BARU KLINTING    : Baik, seluruh kekuatan dikerahkan masuk ke benteng Mataram. Patalan! Berangkat kau sekarang juga ke Mataram, kibarkan tinggi bendera Mangir pertanda duta. Sampaikan, pada hari yang sama minggu mendatang. Ki Ageng Mangir Wanabaya dan istri, Putri Pambayun, akan datang bersembah pada Panembahan Senapati. (berpaling pada Wanabaya) Berperisai kalian berdua, kita akan langsung masuk benteng menyerang istana. Tetap kau pada pendirianmu Nyi Ageng Mangir Muda?
Konflik mereka tak berjalan berlarut-larut, karena mereka mendapatkan keputusan dari hasil perundingan dengan para tetua Perdikan Mangir. Mereka akan pergi ke Mataram untuk menghadap Panembahan Senapati. Peristiwa bagian akhir ini mengantarkan pada peristiwa selanjutnya, yaitu krisis atau klimaks.
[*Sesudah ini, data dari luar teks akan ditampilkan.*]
(* Let $k\ge2$ and $\mathcal{R}=\mathbb{C}[\xi_0,\xi_1,\xi_2,\xi_3]$. The sequence $\mathcal{R}^{k+1}\xleftarrow{D_0^{(k)}(\xi)^t}\mathcal{R}^{2k}\xleftarrow{D_1^{(k)}(\xi)^t}\mathcal{R}^{k-1}$ is exact, i.e. $\ker D_0^{(k)}(\xi)^t=\operatorname{Im}D_1^{(k)}(\xi)^t$ in $\mathcal{R}^{2k}$.
   Context: Put $a=\frac1i(\xi_0-i\xi_1)$, $c=\frac1i(\xi_0+i\xi_1)$, $b=\frac1i(\xi_2-i\xi_3)$, $d=\frac1i(\xi_2+i\xi_3)$ (polynomials in $\mathcal{R}$). $D_0^{(k)}(\xi)$ is the $(2k)\times(k+1)$ polynomial matrix whose row $2j$ ($j=0,\dots,k-1$, indices from $0$) has $-d$ in column $j$ and $-c$ in column $j+1$, and whose row $2j+1$ has $a$ in column $j$ and $-b$ in column $j+1$, all other entries $0$. $D_1^{(k)}(\xi)$ is the $(k-1)\times(2k)$ matrix whose row $j$ ($j=0,\dots,k-2$) has $-a,-d,b,-c$ in columns $2j,2j+1,2j+2,2j+3$ and zeros elsewhere. $t$ denotes transpose; the matrices act on column vectors of polynomials. *)

theory Defs
  imports "HOL-Computational_Algebra.Polynomial" "Jordan_Normal_Form.Matrix"
begin

text \<open>The polynomial ring C[xi0,xi1,xi2,xi3], represented as iterated univariate
  polynomials: xi3 is the outermost variable, xi0 the innermost.\<close>
type_synonym R4 = "complex poly poly poly poly"

definition cst :: "complex \<Rightarrow> R4" where
  "cst c = [:[:[:[:c:]:]:]:]"

definition xi0 :: R4 where "xi0 = [:[:[:[:0, 1:]:]:]:]"
definition xi1 :: R4 where "xi1 = [:[:[:0, 1:]:]:]"
definition xi2 :: R4 where "xi2 = [:[:0, 1:]:]"
definition xi3 :: R4 where "xi3 = [:0, 1:]"

definition pa :: R4 where "pa = cst (1 / \<i>) * (xi0 - cst \<i> * xi1)"
definition pc :: R4 where "pc = cst (1 / \<i>) * (xi0 + cst \<i> * xi1)"
definition pb :: R4 where "pb = cst (1 / \<i>) * (xi2 - cst \<i> * xi3)"
definition pd :: R4 where "pd = cst (1 / \<i>) * (xi2 + cst \<i> * xi3)"

definition D0 :: "nat \<Rightarrow> R4 mat" where
  "D0 k = mat (2 * k) (k + 1) (\<lambda>(r, s).
     (let j = r div 2 in
      if even r then (if s = j then - pd else if s = j + 1 then - pc else 0)
      else (if s = j then pa else if s = j + 1 then - pb else 0)))"

definition D1 :: "nat \<Rightarrow> R4 mat" where
  "D1 k = mat (k - 1) (2 * k) (\<lambda>(j, s).
     if s = 2 * j then - pa else if s = 2 * j + 1 then - pd
     else if s = 2 * j + 2 then pb else if s = 2 * j + 3 then - pc else 0)"

end

theory Submission
  imports Defs
begin

text \<open>Put \<open>K = ac + bd\<close>. Say that \<open>v\<close> is generated by \<open>W\<^sub>0, \<dots>, W\<^sub>k\<close> if
  \<open>v(2j) = -a W(j+1) + b W(j)\<close> and \<open>v(2j+1) = -d W(j+1) - c W(j)\<close>; the image of \<open>D\<^sub>1\<^sup>t\<close>
  consists of the vectors generated with \<open>W\<^sub>0 = W\<^sub>k = 0\<close>. For a generated vector,
  entry \<open>s\<close> of \<open>D\<^sub>0\<^sup>t v\<close> is \<open>-K W(s) + K W(s)\<close> up to boundary terms, so \<open>D\<^sub>0\<^sup>t D\<^sub>1\<^sup>t = 0\<close>.
  Conversely, if \<open>D\<^sub>0\<^sup>t v = 0\<close>, build \<open>W\<close> inductively: entry \<open>n\<close> of \<open>D\<^sub>0\<^sup>t v\<close> says
  \<open>d (v(2n) - b W(n)) = a (v(2n+1) + c W(n))\<close>; as \<open>d = \<xi>\<^sub>3 - i\<xi>\<^sub>2\<close> is monic linear in \<open>\<xi>\<^sub>3\<close>
  and \<open>a\<close> does not vanish on \<open>\<xi>\<^sub>3 = i\<xi>\<^sub>2\<close>, both sides are \<open>a d u\<close> for some \<open>u\<close>, and
  \<open>W(n+1) = -u\<close> works. The last entry of \<open>D\<^sub>0\<^sup>t v\<close> is \<open>K W(k)\<close>, and \<open>K \<noteq> 0\<close> gives \<open>W(k) = 0\<close>.\<close>

lemma linear_factor_syzygy:
  fixes e :: "'a::idom" and q x y :: "'a poly"
  assumes q: "poly q e \<noteq> 0" and eq: "[:-e, 1:] * x = q * y"
  shows "\<exists>u. x = q * u \<and> y = [:-e, 1:] * u"
proof -
  define p where "p = [:-e, 1:]"
  have "poly (q * y) e = 0" by (simp flip: eq)
  with q have "p dvd y" by (simp add: poly_eq_0_iff_dvd p_def)
  then obtain u where y: "y = p * u" by (elim dvdE)
  have "p \<noteq> 0" by (simp add: p_def)
  moreover from eq have "p * x = p * (q * u)" by (simp add: y p_def mult.left_commute)
  ultimately have "x = q * u" by simp
  with y show ?thesis unfolding p_def by blast
qed

lemma sum_two_deltas:
  "(\<Sum>i<n. (if i = j then f i else 0) + (if Suc i = j then g i else 0))
   = (if j < n then f j else 0) + (if 0 < j \<and> j \<le> n then g (j - 1) else 0)"
  for f g :: "nat \<Rightarrow> 'a::comm_monoid_add"
proof -
  have "(\<Sum>i<n. if Suc i = j then g i else 0) = (\<Sum>i<n. if i = j - 1 \<and> 0 < j then g i else 0)"
    by (intro sum.cong) auto
  then show ?thesis by (auto simp: sum.distrib)
qed

lemma sum_in_pairs: "(\<Sum>r<2 * n. f r) = (\<Sum>j<n. f (2 * j) + f (2 * j + 1))"
  for f :: "nat \<Rightarrow> 'a::comm_monoid_add"
  by (induction n) (simp_all add: add.assoc)

lemma pair_identities:
  fixes a b c d x y V W :: "'a::comm_ring_1"
  assumes "x = - a * W + b * V" "y = - d * W - c * V"
  shows "- d * x + a * y = - (a * c + b * d) * V"
    and "- c * x - b * y = (a * c + b * d) * W"
  unfolding assms by (simp_all add: algebra_simps)

lemma pa_eq: "pa = [:[:[:[:0, -\<i>:]:]:] - [:[:0, 1:]:]:]"
  unfolding pa_def cst_def xi0_def xi1_def by (simp add: one_pCons)

lemma pb_eq: "pb = [:- ([:[:[:\<i>:]:]:] * [:0, 1:]), -1:]"
  unfolding pb_def cst_def xi2_def xi3_def by (simp add: one_pCons)

lemma pc_eq: "pc = [:[:[:[:0, -\<i>:]:]:] + [:[:0, 1:]:]:]"
  unfolding pc_def cst_def xi0_def xi1_def by (simp add: one_pCons)

lemma pd_eq: "pd = [:- ([:[:[:\<i>:]:]:] * [:0, 1:]), 1:]"
  unfolding pd_def cst_def xi2_def xi3_def by (simp add: one_pCons)

lemma pd_pa_syzygy:
  assumes "pd * x = pa * y"
  shows "\<exists>u. x = pa * u \<and> y = pd * u"
proof -
  have "poly pa ([:[:[:\<i>:]:]:] * [:0, 1:]) \<noteq> 0"
    by (simp add: pa_eq)
  from linear_factor_syzygy[OF this assms[unfolded pd_eq]] show ?thesis
    unfolding pd_eq .
qed

lemma ac_plus_bd_nonzero: "pa * pc + pb * pd \<noteq> 0"
  \<comment> \<open>its coefficient of \<open>\<xi>\<^sub>3\<^sup>2\<close> is \<open>-1\<close>\<close>
proof
  assume "pa * pc + pb * pd = 0"
  then have "coeff (pa * pc + pb * pd) 2 = 0" by simp
  then show False
    by (simp add: pa_eq pb_eq pc_eq pd_eq numeral_2_eq_2)
qed

lemma D0t_nth:
  assumes v: "v \<in> carrier_vec (2 * k)" and s: "s \<le> k"
  shows "(transpose_mat (D0 k) *\<^sub>v v) $ s =
    (if s < k then - pd * v $ (2 * s) + pa * v $ (2 * s + 1) else 0)
    + (if 0 < s then - pc * v $ (2 * (s - 1)) - pb * v $ (2 * (s - 1) + 1) else 0)"
proof -
  have "(transpose_mat (D0 k) *\<^sub>v v) $ s = (\<Sum>r<2 * k. D0 k $$ (r, s) * v $ r)"
    using v s by (simp add: scalar_prod_def D0_def atLeast0LessThan)
  also have "\<dots> = (\<Sum>j<k. (if j = s then - pd * v $ (2 * j) + pa * v $ (2 * j + 1) else 0)
      + (if Suc j = s then - pc * v $ (2 * j) - pb * v $ (2 * j + 1) else 0))"
    unfolding sum_in_pairs using s by (intro sum.cong) (auto simp: D0_def)
  finally show ?thesis
    using s by (simp add: sum_two_deltas)
qed

definition zero_padded :: "nat \<Rightarrow> R4 vec \<Rightarrow> nat \<Rightarrow> R4" where
  "zero_padded k w i = (if 0 < i \<and> i < k then w $ (i - 1) else 0)"

lemma D1t_nth:
  assumes w: "w \<in> carrier_vec (k - 1)" and j: "j < k"
  shows "(transpose_mat (D1 k) *\<^sub>v w) $ (2 * j) =
      - pa * zero_padded k w (Suc j) + pb * zero_padded k w j"
    and "(transpose_mat (D1 k) *\<^sub>v w) $ (2 * j + 1) =
      - pd * zero_padded k w (Suc j) - pc * zero_padded k w j"
proof -
  have "(transpose_mat (D1 k) *\<^sub>v w) $ (2 * j) = (\<Sum>i<k - 1. D1 k $$ (i, 2 * j) * w $ i)"
    using w j by (simp add: scalar_prod_def D1_def atLeast0LessThan)
  also have "\<dots> = (\<Sum>i<k - 1. (if i = j then - pa * w $ i else 0)
      + (if Suc i = j then pb * w $ i else 0))"
    using j by (intro sum.cong) (auto simp: D1_def)
  finally show "(transpose_mat (D1 k) *\<^sub>v w) $ (2 * j) =
      - pa * zero_padded k w (Suc j) + pb * zero_padded k w j"
    using j by (auto simp: sum_two_deltas zero_padded_def)
  have "(transpose_mat (D1 k) *\<^sub>v w) $ (2 * j + 1) = (\<Sum>i<k - 1. D1 k $$ (i, 2 * j + 1) * w $ i)"
    using w j by (simp add: scalar_prod_def D1_def atLeast0LessThan)
  also have "\<dots> = (\<Sum>i<k - 1. (if i = j then - pd * w $ i else 0)
      + (if Suc i = j then - pc * w $ i else 0))"
    using j by (intro sum.cong) (auto simp: D1_def)
  finally show "(transpose_mat (D1 k) *\<^sub>v w) $ (2 * j + 1) =
      - pd * zero_padded k w (Suc j) - pc * zero_padded k w j"
    using j by (auto simp: sum_two_deltas zero_padded_def)
qed

lemma D1t_carrier: "transpose_mat (D1 k) *\<^sub>v w \<in> carrier_vec (2 * k)"
  by (simp add: D1_def carrier_vecI)

definition pairs_from :: "(nat \<Rightarrow> R4) \<Rightarrow> nat \<Rightarrow> R4 vec \<Rightarrow> bool" where
  "pairs_from W n v \<longleftrightarrow> (\<forall>j<n.
     v $ (2 * j) = - pa * W (Suc j) + pb * W j \<and> v $ (2 * j + 1) = - pd * W (Suc j) - pc * W j)"

lemma pairs_from_D1t:
  "w \<in> carrier_vec (k - 1) \<Longrightarrow> pairs_from (zero_padded k w) k (transpose_mat (D1 k) *\<^sub>v w)"
  unfolding pairs_from_def using D1t_nth by blast

lemma pairs_from_unique:
  assumes "v \<in> carrier_vec (2 * n)" "v' \<in> carrier_vec (2 * n)"
    and "pairs_from W n v" "pairs_from W' n v'" and "\<And>i. i \<le> n \<Longrightarrow> W i = W' i"
  shows "v = v'"
proof (rule eq_vecI)
  show "dim_vec v = dim_vec v'" using assms(1,2) by simp
  fix r assume "r < dim_vec v'"
  with assms(2) obtain j where j: "j < n" and r: "r = 2 * j \<or> r = 2 * j + 1"
    by (intro that[of "r div 2"]) auto
  with assms(5) have "W j = W' j" "W (Suc j) = W' (Suc j)" by auto
  with j r assms(3,4) show "v $ r = v' $ r"
    unfolding pairs_from_def by auto
qed

lemma D0t_nth_pairs_from:
  assumes v: "v \<in> carrier_vec (2 * k)" and W: "pairs_from W n v" "W 0 = 0"
    and s: "s \<le> k" "s \<le> n"
  shows "(transpose_mat (D0 k) *\<^sub>v v) $ s =
    (if s < k then - pd * v $ (2 * s) + pa * v $ (2 * s + 1) else 0) + (pa * pc + pb * pd) * W s"
proof (cases s)
  case (Suc t)
  with W s have "- pc * v $ (2 * t) - pb * v $ (2 * t + 1) = (pa * pc + pb * pd) * W s"
    unfolding pairs_from_def by (intro pair_identities(2)) auto
  with Suc D0t_nth[OF v s(1)] show ?thesis by simp
qed (use D0t_nth[OF v s(1)] W in simp)

lemma D0t_D1t_zero:
  assumes w: "w \<in> carrier_vec (k - 1)"
  shows "transpose_mat (D0 k) *\<^sub>v (transpose_mat (D1 k) *\<^sub>v w) = 0\<^sub>v (k + 1)"
proof (rule eq_vecI)
  define v where "v = transpose_mat (D1 k) *\<^sub>v w"
  define W where "W = zero_padded k w"
  have v: "v \<in> carrier_vec (2 * k)" unfolding v_def by (rule D1t_carrier)
  have W: "pairs_from W k v" using pairs_from_D1t[OF w] by (simp add: v_def W_def)
  have "W 0 = 0" "W k = 0" by (simp_all add: W_def zero_padded_def)
  fix s assume "s < dim_vec (0\<^sub>v (k + 1) :: R4 vec)"
  then have s: "s \<le> k" by simp
  have "(if s < k then - pd * v $ (2 * s) + pa * v $ (2 * s + 1) else 0)
      = - (pa * pc + pb * pd) * W s"
  proof (cases "s < k")
    case True
    with W have "v $ (2 * s) = - pa * W (Suc s) + pb * W s"
      "v $ (2 * s + 1) = - pd * W (Suc s) - pc * W s"
      unfolding pairs_from_def by auto
    from pair_identities(1)[OF this] True show ?thesis by simp
  qed (use \<open>W k = 0\<close> s in simp)
  with D0t_nth_pairs_from[OF v W \<open>W 0 = 0\<close> s s]
  show "(transpose_mat (D0 k) *\<^sub>v v) $ s = 0\<^sub>v (k + 1) $ s"
    using s by (simp add: algebra_simps)
qed (simp add: D0_def)

lemma D0t_kernel_pairs_from:
  assumes v: "v \<in> carrier_vec (2 * k)" and ker: "transpose_mat (D0 k) *\<^sub>v v = 0\<^sub>v (k + 1)"
    and "n \<le> k"
  shows "\<exists>W. W 0 = 0 \<and> pairs_from W n v"
  using \<open>n \<le> k\<close>
proof (induction n)
  case 0
  show ?case by (auto simp: pairs_from_def)
next
  case (Suc n)
  then obtain W where W: "W 0 = 0" "pairs_from W n v" by auto
  define K where "K = pa * pc + pb * pd"
  from Suc.prems have "n < k" by simp
  with ker D0t_nth_pairs_from[OF v W(2) W(1), of n]
  have "- pd * v $ (2 * n) + pa * v $ (2 * n + 1) + K * W n = 0"
    by (simp add: K_def)
  moreover have "pd * (v $ (2 * n) - pb * W n) - pa * (v $ (2 * n + 1) + pc * W n)
      = - (- pd * v $ (2 * n) + pa * v $ (2 * n + 1) + K * W n)"
    by (simp add: K_def algebra_simps)
  ultimately have "pd * (v $ (2 * n) - pb * W n) = pa * (v $ (2 * n + 1) + pc * W n)"
    by simp
  then obtain u where "v $ (2 * n) - pb * W n = pa * u" "v $ (2 * n + 1) + pc * W n = pd * u"
    using pd_pa_syzygy by blast
  then have u: "v $ (2 * n) = pa * u + pb * W n" "v $ (2 * n + 1) = pd * u - pc * W n"
    by (simp_all add: diff_eq_eq eq_diff_eq)
  have "pairs_from (W(Suc n := - u)) (Suc n) v"
    using W(2) u unfolding pairs_from_def by (auto simp: less_Suc_eq)
  moreover have "(W(Suc n := - u)) 0 = 0" using W(1) by simp
  ultimately show ?case by blast
qed

lemma D0t_kernel_in_D1t_image:
  assumes v: "v \<in> carrier_vec (2 * k)" and ker: "transpose_mat (D0 k) *\<^sub>v v = 0\<^sub>v (k + 1)"
  shows "\<exists>w \<in> carrier_vec (k - 1). v = transpose_mat (D1 k) *\<^sub>v w"
proof -
  obtain W where W: "W 0 = 0" "pairs_from W k v"
    using D0t_kernel_pairs_from[OF v ker] by blast
  have "(pa * pc + pb * pd) * W k = 0"
    using ker D0t_nth_pairs_from[OF v W(2) W(1), of k] by simp
  then have "W k = 0" using ac_plus_bd_nonzero by simp
  define w where "w = vec (k - 1) (\<lambda>i. W (Suc i))"
  have w: "w \<in> carrier_vec (k - 1)" by (simp add: w_def)
  have "zero_padded k w i = W i" if "i \<le> k" for i
    using that W(1) \<open>W k = 0\<close> by (cases i) (auto simp: zero_padded_def w_def)
  then have "v = transpose_mat (D1 k) *\<^sub>v w"
    using pairs_from_unique[OF v D1t_carrier W(2) pairs_from_D1t[OF w]] by simp
  with w show ?thesis by blast
qed

theorem proposition4p1:
  fixes k :: nat
  assumes "k \<ge> 2"
  shows "{v \<in> carrier_vec (2 * k). transpose_mat (D0 k) *\<^sub>v v = 0\<^sub>v (k + 1)}
       = {transpose_mat (D1 k) *\<^sub>v w | w. w \<in> carrier_vec (k - 1)}"
proof (intro equalityI subsetI)
  fix v assume "v \<in> {v \<in> carrier_vec (2 * k). transpose_mat (D0 k) *\<^sub>v v = 0\<^sub>v (k + 1)}"
  then obtain w where "w \<in> carrier_vec (k - 1)" "v = transpose_mat (D1 k) *\<^sub>v w"
    using D0t_kernel_in_D1t_image by blast
  then show "v \<in> {transpose_mat (D1 k) *\<^sub>v w | w. w \<in> carrier_vec (k - 1)}" by blast
next
  fix v assume "v \<in> {transpose_mat (D1 k) *\<^sub>v w | w. w \<in> carrier_vec (k - 1)}"
  then obtain w where w: "w \<in> carrier_vec (k - 1)" and v: "v = transpose_mat (D1 k) *\<^sub>v w"
    by blast
  have "v \<in> carrier_vec (2 * k)" unfolding v by (rule D1t_carrier)
  with D0t_D1t_zero[OF w]
  show "v \<in> {v \<in> carrier_vec (2 * k). transpose_mat (D0 k) *\<^sub>v v = 0\<^sub>v (k + 1)}"
    unfolding v by blast
qed

end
d.   Krisis atau Titik Balik (Klimaks)
Krisis atau klimaks adalah peristiwa yang muncul sewaktu kekuatan-kekuatan saling memperlihatkan diri dan membutuhkan penyelesaian. Mataram menyusun strategi untuk menjebak prajurit Mangir, yaitu dengan para wanita Mataram yang menggoda dijalan menuju Mataram, lalu jalan yang dipersempit dan para telik yang diperintahkan untuk mengabarkan perkembangan selanjutnya mengenai perjalanan Mangir menuju Mataram. Dijelaskan oleh pencerita (Troubadour) diawal babak terakhir ini, dan dari petikan dialog 661-826, seperti berikut:
            Pencerita (Troubadour) sebelum layar dibuka:
Wanabaya dan Baru Klinting tombak pusaka
Dua belas depa panjang tangkai
Pambayun diiringi, benteng dimasuki.
                        Gapura-gapura penyambutan ini, mengapa?
                        Semakin dekati kraton semakin sempit dan rendah?
                        Baru Klinting sang tombak pantang menunduk,
                        Siap lewati tangkai dipotong biar tetap tegak.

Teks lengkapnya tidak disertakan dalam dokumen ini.